The 40 or so Conservative MPs who want to meet the Prime Minister to discuss his renegotiation – the Sunday Telegraph reports their request today – know all this very well.  They and others understand that only treaty change itself – rather than a mere promise of it – is bankable, since any leaders of other EU countries who promise to deliver it may not be around when the time for delivery comes, or may later find reasons for evading their commitment, and cannot commit the EU institutions to treaty change in any event.

Furthermore, as this site keeps pointing out, three EU countries must hold referendums on any proposed treaty change for it to be effected: France, the Netherlands and Spain.  As we put it last year, any pledge of treaty change that Cameron gains must win the consent of voters “in Kerry North-West Limerick, Friesland, Pyrénées-Atlantiques and so on” to be made real.  In addition, those 40, many other Tory MPs, most Party members and such senior Ministers as Michael Gove and Sajid Javid would set more ambitious reform aims in the first place.

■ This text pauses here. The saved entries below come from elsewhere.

(* In the multidimensional knapsack problem, let $x^*$ be a basic optimal solution of the LP relaxation with value $V^*=\sum_iv_ix_i^*$, and let $q_{\max}:=\max_{i,j}w_{ij}/B_j$, assumed positive. If $k$ is an item with $0<x_k^*<1$, then $v_k\le q_{\max}V^*$.
   Context: Multidimensional knapsack: a finite set of items $i$, each with value $v_i\ge0$ and weight vector $(w_{i1},\dots,w_{im})\in\mathbb{R}_+^m$, and capacities $B_1,\dots,B_m>0$. The LP relaxation maximizes $\sum_iv_ix_i$ subject to $0\le x_i\le1$ for all $i$ and $\sum_iw_{ij}x_i\le B_j$ for all $j$. *)

theory Defs
  imports Complex_Main
begin

text \<open>Solutions of the LP relaxation are
functions x :: 'i \<Rightarrow> real; only their values on I matter.\<close>

definition lp_feasible ::
  "'i set \<Rightarrow> 'j set \<Rightarrow> ('i \<Rightarrow> 'j \<Rightarrow> real) \<Rightarrow> ('j \<Rightarrow> real) \<Rightarrow> ('i \<Rightarrow> real) \<Rightarrow> bool" where
  "lp_feasible I J w B x \<longleftrightarrow>
     (\<forall>i\<in>I. 0 \<le> x i \<and> x i \<le> 1) \<and> (\<forall>j\<in>J. (\<Sum>i\<in>I. w i j * x i) \<le> B j)"

definition lp_optimal ::
  "'i set \<Rightarrow> 'j set \<Rightarrow> ('i \<Rightarrow> real) \<Rightarrow> ('i \<Rightarrow> 'j \<Rightarrow> real) \<Rightarrow> ('j \<Rightarrow> real) \<Rightarrow> ('i \<Rightarrow> real) \<Rightarrow> bool" where
  "lp_optimal I J v w B x \<longleftrightarrow> lp_feasible I J w B x \<and>
     (\<forall>y. lp_feasible I J w B y \<longrightarrow> (\<Sum>i\<in>I. v i * y i) \<le> (\<Sum>i\<in>I. v i * x i))"

text \<open>Basic solution = vertex (extreme point) of the feasible polytope,
with coordinates restricted to I.\<close>
definition lp_basic ::
  "'i set \<Rightarrow> 'j set \<Rightarrow> ('i \<Rightarrow> 'j \<Rightarrow> real) \<Rightarrow> ('j \<Rightarrow> real) \<Rightarrow> ('i \<Rightarrow> real) \<Rightarrow> bool" where
  "lp_basic I J w B x \<longleftrightarrow> lp_feasible I J w B x \<and>
     (\<forall>y z t. lp_feasible I J w B y \<and> lp_feasible I J w B z \<and> 0 < t \<and> t < 1 \<and>
        (\<forall>i\<in>I. x i = t * y i + (1 - t) * z i) \<longrightarrow> (\<forall>i\<in>I. y i = x i \<and> z i = x i))"

end

theory Submission
  imports Defs
begin

text \<open>Scaling an LP solution \<open>x\<close> by \<open>1 - e q\<close> frees capacity \<open>e q B\<^sub>j\<close> in every
dimension \<open>j\<close>, which suffices to raise item \<open>k\<close> by \<open>e\<close> when \<open>w\<^sub>k\<^sub>j \<le> q B\<^sub>j\<close>.
If \<open>x\<close> is optimal with value \<open>V\<close>, the new solution has value \<open>(1 - e q) V + e v\<^sub>k \<le> V\<close>,
i.e. \<open>v\<^sub>k \<le> q V\<close>.\<close>

lemma sum_scale_plus_point:
  fixes f x :: "'i \<Rightarrow> real"
  assumes "finite I" "k \<in> I"
  shows "(\<Sum>i\<in>I. f i * (c * x i + (if i = k then e else 0)))
           = c * (\<Sum>i\<in>I. f i * x i) + e * f k"
proof -
  have "(\<Sum>i\<in>I. f i * (c * x i + (if i = k then e else 0)))
          = (\<Sum>i\<in>I. c * (f i * x i) + (if i = k then e * f k else 0))"
    by (intro sum.cong) (auto simp: algebra_simps)
  also have "\<dots> = c * (\<Sum>i\<in>I. f i * x i) + e * f k"
    using assms by (simp add: sum.distrib sum_distrib_left)
  finally show ?thesis .
qed

lemma lp_feasible_scale_plus_item:
  assumes feasible: "lp_feasible I J w B x" and "finite I" "k \<in> I"
    and "0 \<le> e" "e \<le> 1 - x k" "0 \<le> q" "e * q \<le> 1"
    and weight_bound: "\<forall>j\<in>J. w k j \<le> q * B j"
  shows "lp_feasible I J w B (\<lambda>i. (1 - e * q) * x i + (if i = k then e else 0))"
  unfolding lp_feasible_def
proof (intro conjI ballI)
  fix i assume "i \<in> I"
  then have "0 \<le> x i" "x i \<le> 1" using feasible unfolding lp_feasible_def by auto
  moreover have "0 \<le> e * q" using assms by simp
  ultimately have "0 \<le> (1 - e * q) * x i" "(1 - e * q) * x i \<le> x i" "(1 - e * q) * x i \<le> 1"
    using assms by (auto simp: mult_left_le_one_le mult_le_one)
  then show "0 \<le> (1 - e * q) * x i + (if i = k then e else 0)"
    and "(1 - e * q) * x i + (if i = k then e else 0) \<le> 1"
    using assms by auto
next
  fix j assume "j \<in> J"
  have "(\<Sum>i\<in>I. w i j * ((1 - e * q) * x i + (if i = k then e else 0)))
          = (1 - e * q) * (\<Sum>i\<in>I. w i j * x i) + e * w k j"
    using assms(2,3) by (rule sum_scale_plus_point)
  also have "\<dots> \<le> (1 - e * q) * B j + e * (q * B j)"
    using feasible weight_bound \<open>j \<in> J\<close> assms(4,7)
    by (intro add_mono mult_left_mono) (auto simp: lp_feasible_def)
  also have "\<dots> = B j" by (simp add: algebra_simps)
  finally show "(\<Sum>i\<in>I. w i j * ((1 - e * q) * x i + (if i = k then e else 0))) \<le> B j" .
qed

lemma lp_optimal_item_value_le:
  assumes optimal: "lp_optimal I J v w B x" and "finite I" "k \<in> I" "x k < 1" "0 < q"
    and weight_bound: "\<forall>j\<in>J. w k j \<le> q * B j"
  shows "v k \<le> q * (\<Sum>i\<in>I. v i * x i)"
proof -
  define e where "e = min (1 - x k) (1 / q)"
  have "0 < e" "e \<le> 1 - x k" "e * q \<le> 1"
    using assms by (auto simp: e_def min_def field_simps)
  then have "lp_feasible I J w B (\<lambda>i. (1 - e * q) * x i + (if i = k then e else 0))"
    using optimal assms weight_bound
    by (intro lp_feasible_scale_plus_item) (auto simp: lp_optimal_def)
  then have "(\<Sum>i\<in>I. v i * ((1 - e * q) * x i + (if i = k then e else 0)))
               \<le> (\<Sum>i\<in>I. v i * x i)"
    using optimal by (auto simp: lp_optimal_def)
  then have "(1 - e * q) * (\<Sum>i\<in>I. v i * x i) + e * v k \<le> (\<Sum>i\<in>I. v i * x i)"
    by (simp only: sum_scale_plus_point[OF \<open>finite I\<close> \<open>k \<in> I\<close>])
  then have "e * v k \<le> e * (q * (\<Sum>i\<in>I. v i * x i))"
    by (simp add: algebra_simps)
  then show ?thesis using \<open>0 < e\<close> by simp
qed

lemma weight_le_Max_ratio:
  fixes w :: "'i \<Rightarrow> 'j \<Rightarrow> real"
  assumes "finite I" "finite J" "k \<in> I" "j \<in> J" "0 < B j"
  shows "w k j \<le> Max {w i j / B j | i j. i \<in> I \<and> j \<in> J} * B j"
proof -
  have "{w i j / B j | i j. i \<in> I \<and> j \<in> J} = (\<lambda>(i, j). w i j / B j) ` (I \<times> J)"
    by auto
  then have "w k j / B j \<le> Max {w i j / B j | i j. i \<in> I \<and> j \<in> J}"
    using assms by (intro Max_ge) auto
  then show ?thesis using \<open>0 < B j\<close> by (simp add: divide_le_eq)
qed

theorem lemma5:
  fixes I :: "'i set" and J :: "'j set"
    and v :: "'i \<Rightarrow> real" and w :: "'i \<Rightarrow> 'j \<Rightarrow> real" and B :: "'j \<Rightarrow> real"
    and x :: "'i \<Rightarrow> real" and k :: 'i
  assumes "finite I" and "finite J" and "I \<noteq> {}" and "J \<noteq> {}"
    and "\<forall>i\<in>I. v i \<ge> 0"
    and "\<forall>i\<in>I. \<forall>j\<in>J. w i j \<ge> 0"
    and "\<forall>j\<in>J. B j > 0"
    and "lp_basic I J w B x" and "lp_optimal I J v w B x"
    and "Max {w i j / B j | i j. i \<in> I \<and> j \<in> J} > 0"
    and "k \<in> I" and "0 < x k" and "x k < 1"
  shows "v k \<le> Max {w i j / B j | i j. i \<in> I \<and> j \<in> J} * (\<Sum>i\<in>I. v i * x i)"
proof (rule lp_optimal_item_value_le)
  show "\<forall>j\<in>J. w k j \<le> Max {w i j / B j | i j. i \<in> I \<and> j \<in> J} * B j"
    using assms(1,2,7,11) by (simp add: weight_le_Max_ratio)
qed (fact assms)+

end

It may be that the Prime Minister pulls a rabbit out of his hat: last weekend’s Sunday Times (£) floated a change in the law to make it clear that Parliament is sovereign.  But the drift of his policy to date has been unmistakable: to Cameron, EU policy is primarily a matter of Party management.  A magisterial article in yesterday’s Financial Times detailed how he has both reduced and changed his demands over time: so, for example, proposals to cut access to migrant benefits are focus group-driven (and didn’t even feature in his original EU reform speech at Bloomberg).

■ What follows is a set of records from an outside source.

lemma inverse_normalize:
  "(x::real) / y = x * inverse y" "inverse (a * b) = inverse a * inverse (b::real)"
  "inverse (a ^ n) = (inverse a) ^ n"
  by (simp_all add: divide_inverse power_inverse)

lemma flux1_has_real_derivative:
  fixes u ut up utt utp upp uttt uttp utpp v vt vp vtt vtp :: "real \<Rightarrow> real"
  assumes d: "(u has_real_derivative ut t) (at t)" "(ut has_real_derivative utt t) (at t)"
    "(up has_real_derivative utp t) (at t)" "(utt has_real_derivative uttt t) (at t)"
    "(utp has_real_derivative uttp t) (at t)" "(upp has_real_derivative utpp t) (at t)"
    "(v has_real_derivative vt t) (at t)" "(vt has_real_derivative vtt t) (at t)"
    "(vp has_real_derivative vtp t) (at t)"
  and s: "sin t \<noteq> 0"
  shows "((\<lambda>t. sin t * flux1 (u t) (ut t) (up t / sin t) (utt t) ((utp t - cos t * (up t / sin t)) / sin t)
        ((upp t + sin t * cos t * ut t) / (sin t * sin t)) (v t) (vt t) (vp t / sin t))
     has_real_derivative flux1_d_theta (sin t) (cos t) (u t) (ut t) (up t) (utt t) (utp t) (upp t)
        (uttt t) (uttp t) (utpp t) (v t) (vt t) (vp t) (vtt t) (vtp t)) (at t)"
  unfolding flux1_def
  apply (rule derivative_eq_intros d refl | (use s in simp; fail))+
  unfolding flux1_d_theta_def Let_def inverse_normalize
  unfolding inverse_two
  apply (rule inverse_as_unknown[of "sin t"])
   apply (erule rev_mp)
   apply algebra
  using s by simp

Those Tory MPs and Ministers thus face a clear choice.  Of course Cameron should see any group of Conservative Parliamentarians who want to see him: that’s part of what being a leader is all about.  But any attempt to persuade him to undertake a fundamental renegotiation of our EU membership is a waste of time – theirs, his, everyones.  He doesn’t want to hold one.  And the Conservative Manifesto – on which he won an election last year – doesn’t commit him to.  The choice is back him – and EU membership on roughly the present terms – or back Brexit.  Now decide.